_Work request:_ Your task is to filter the data below down to the lines holding "False".

_Data for the task:_
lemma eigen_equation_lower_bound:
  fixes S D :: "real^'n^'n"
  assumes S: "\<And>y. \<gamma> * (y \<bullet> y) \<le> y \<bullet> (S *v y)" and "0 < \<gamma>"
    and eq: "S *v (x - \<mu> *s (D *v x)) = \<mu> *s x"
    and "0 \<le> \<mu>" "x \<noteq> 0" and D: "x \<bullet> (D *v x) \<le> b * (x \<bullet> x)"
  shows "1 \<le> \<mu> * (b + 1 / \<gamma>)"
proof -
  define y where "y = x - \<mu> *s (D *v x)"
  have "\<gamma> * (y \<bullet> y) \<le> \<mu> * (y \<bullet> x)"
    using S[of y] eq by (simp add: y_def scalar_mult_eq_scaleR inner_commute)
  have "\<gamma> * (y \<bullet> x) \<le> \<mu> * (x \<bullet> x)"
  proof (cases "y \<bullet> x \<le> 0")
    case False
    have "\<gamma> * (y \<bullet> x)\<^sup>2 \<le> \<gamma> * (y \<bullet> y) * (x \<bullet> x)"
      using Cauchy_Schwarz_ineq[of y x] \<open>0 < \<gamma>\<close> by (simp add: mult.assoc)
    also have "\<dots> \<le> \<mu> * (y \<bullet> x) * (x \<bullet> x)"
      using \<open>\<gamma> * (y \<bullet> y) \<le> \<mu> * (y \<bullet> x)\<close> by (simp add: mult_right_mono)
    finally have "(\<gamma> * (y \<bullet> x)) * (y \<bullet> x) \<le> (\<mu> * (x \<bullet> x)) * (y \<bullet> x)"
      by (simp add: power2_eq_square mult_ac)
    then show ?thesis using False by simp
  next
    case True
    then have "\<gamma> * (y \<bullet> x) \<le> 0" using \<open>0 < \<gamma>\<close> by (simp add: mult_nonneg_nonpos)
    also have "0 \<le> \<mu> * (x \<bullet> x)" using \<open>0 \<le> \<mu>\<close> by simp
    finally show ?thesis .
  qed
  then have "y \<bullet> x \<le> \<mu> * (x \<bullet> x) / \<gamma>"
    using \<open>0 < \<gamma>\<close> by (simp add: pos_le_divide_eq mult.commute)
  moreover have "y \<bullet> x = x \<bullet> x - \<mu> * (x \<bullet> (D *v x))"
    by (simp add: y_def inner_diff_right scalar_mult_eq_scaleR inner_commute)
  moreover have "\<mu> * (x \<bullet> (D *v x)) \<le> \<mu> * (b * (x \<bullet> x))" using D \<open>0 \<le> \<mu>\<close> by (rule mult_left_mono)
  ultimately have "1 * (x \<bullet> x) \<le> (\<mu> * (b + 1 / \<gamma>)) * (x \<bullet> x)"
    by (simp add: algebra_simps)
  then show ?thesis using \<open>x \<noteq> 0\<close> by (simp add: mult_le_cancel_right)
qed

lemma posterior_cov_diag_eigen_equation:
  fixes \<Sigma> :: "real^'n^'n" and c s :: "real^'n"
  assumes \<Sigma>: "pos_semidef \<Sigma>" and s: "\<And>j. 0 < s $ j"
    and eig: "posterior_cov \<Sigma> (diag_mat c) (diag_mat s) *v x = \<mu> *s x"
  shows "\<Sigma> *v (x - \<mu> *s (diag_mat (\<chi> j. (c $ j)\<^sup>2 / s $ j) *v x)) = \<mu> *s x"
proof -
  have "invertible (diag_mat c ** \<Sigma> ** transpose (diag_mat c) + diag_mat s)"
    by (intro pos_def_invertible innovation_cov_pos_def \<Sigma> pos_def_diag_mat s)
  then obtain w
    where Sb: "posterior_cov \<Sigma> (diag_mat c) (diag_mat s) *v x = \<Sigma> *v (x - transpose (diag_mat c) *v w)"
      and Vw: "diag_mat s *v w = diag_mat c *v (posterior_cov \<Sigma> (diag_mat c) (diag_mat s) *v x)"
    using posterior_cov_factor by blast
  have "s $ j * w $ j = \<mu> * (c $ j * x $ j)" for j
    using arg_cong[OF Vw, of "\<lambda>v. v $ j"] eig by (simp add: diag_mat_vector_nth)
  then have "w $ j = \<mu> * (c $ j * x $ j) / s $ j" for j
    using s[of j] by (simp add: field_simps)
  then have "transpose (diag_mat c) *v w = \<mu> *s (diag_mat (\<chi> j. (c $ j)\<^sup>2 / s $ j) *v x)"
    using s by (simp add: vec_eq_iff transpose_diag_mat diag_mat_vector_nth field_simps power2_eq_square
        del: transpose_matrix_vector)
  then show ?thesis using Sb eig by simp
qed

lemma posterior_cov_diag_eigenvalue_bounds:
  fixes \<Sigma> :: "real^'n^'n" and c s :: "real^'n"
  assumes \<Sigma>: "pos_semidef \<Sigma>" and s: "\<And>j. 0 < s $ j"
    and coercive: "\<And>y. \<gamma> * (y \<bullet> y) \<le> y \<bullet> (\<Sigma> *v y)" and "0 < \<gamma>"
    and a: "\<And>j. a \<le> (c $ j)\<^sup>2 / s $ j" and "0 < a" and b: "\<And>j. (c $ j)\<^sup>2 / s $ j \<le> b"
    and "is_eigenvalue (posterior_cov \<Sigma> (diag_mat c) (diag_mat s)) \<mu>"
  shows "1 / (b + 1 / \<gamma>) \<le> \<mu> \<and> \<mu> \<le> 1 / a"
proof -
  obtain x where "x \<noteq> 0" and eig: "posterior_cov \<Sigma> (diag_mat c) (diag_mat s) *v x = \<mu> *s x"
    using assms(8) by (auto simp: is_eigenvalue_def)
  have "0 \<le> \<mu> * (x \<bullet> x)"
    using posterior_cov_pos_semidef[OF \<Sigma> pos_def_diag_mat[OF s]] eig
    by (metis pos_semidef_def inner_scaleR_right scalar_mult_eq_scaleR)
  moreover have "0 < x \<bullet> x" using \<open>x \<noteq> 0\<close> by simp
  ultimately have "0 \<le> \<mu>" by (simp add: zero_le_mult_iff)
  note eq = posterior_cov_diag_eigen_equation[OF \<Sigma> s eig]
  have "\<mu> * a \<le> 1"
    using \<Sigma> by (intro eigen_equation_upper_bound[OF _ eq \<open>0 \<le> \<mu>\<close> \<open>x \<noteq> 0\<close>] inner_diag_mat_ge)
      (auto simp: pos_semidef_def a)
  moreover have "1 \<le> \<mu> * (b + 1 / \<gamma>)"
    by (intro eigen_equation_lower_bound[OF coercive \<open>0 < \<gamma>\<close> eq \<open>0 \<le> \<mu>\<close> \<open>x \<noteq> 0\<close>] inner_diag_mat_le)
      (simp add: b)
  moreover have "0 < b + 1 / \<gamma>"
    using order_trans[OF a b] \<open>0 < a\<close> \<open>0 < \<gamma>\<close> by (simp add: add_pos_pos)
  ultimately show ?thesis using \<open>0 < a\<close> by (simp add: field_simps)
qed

_Result of the exercise:_
    case False
    then show ?thesis using False by simp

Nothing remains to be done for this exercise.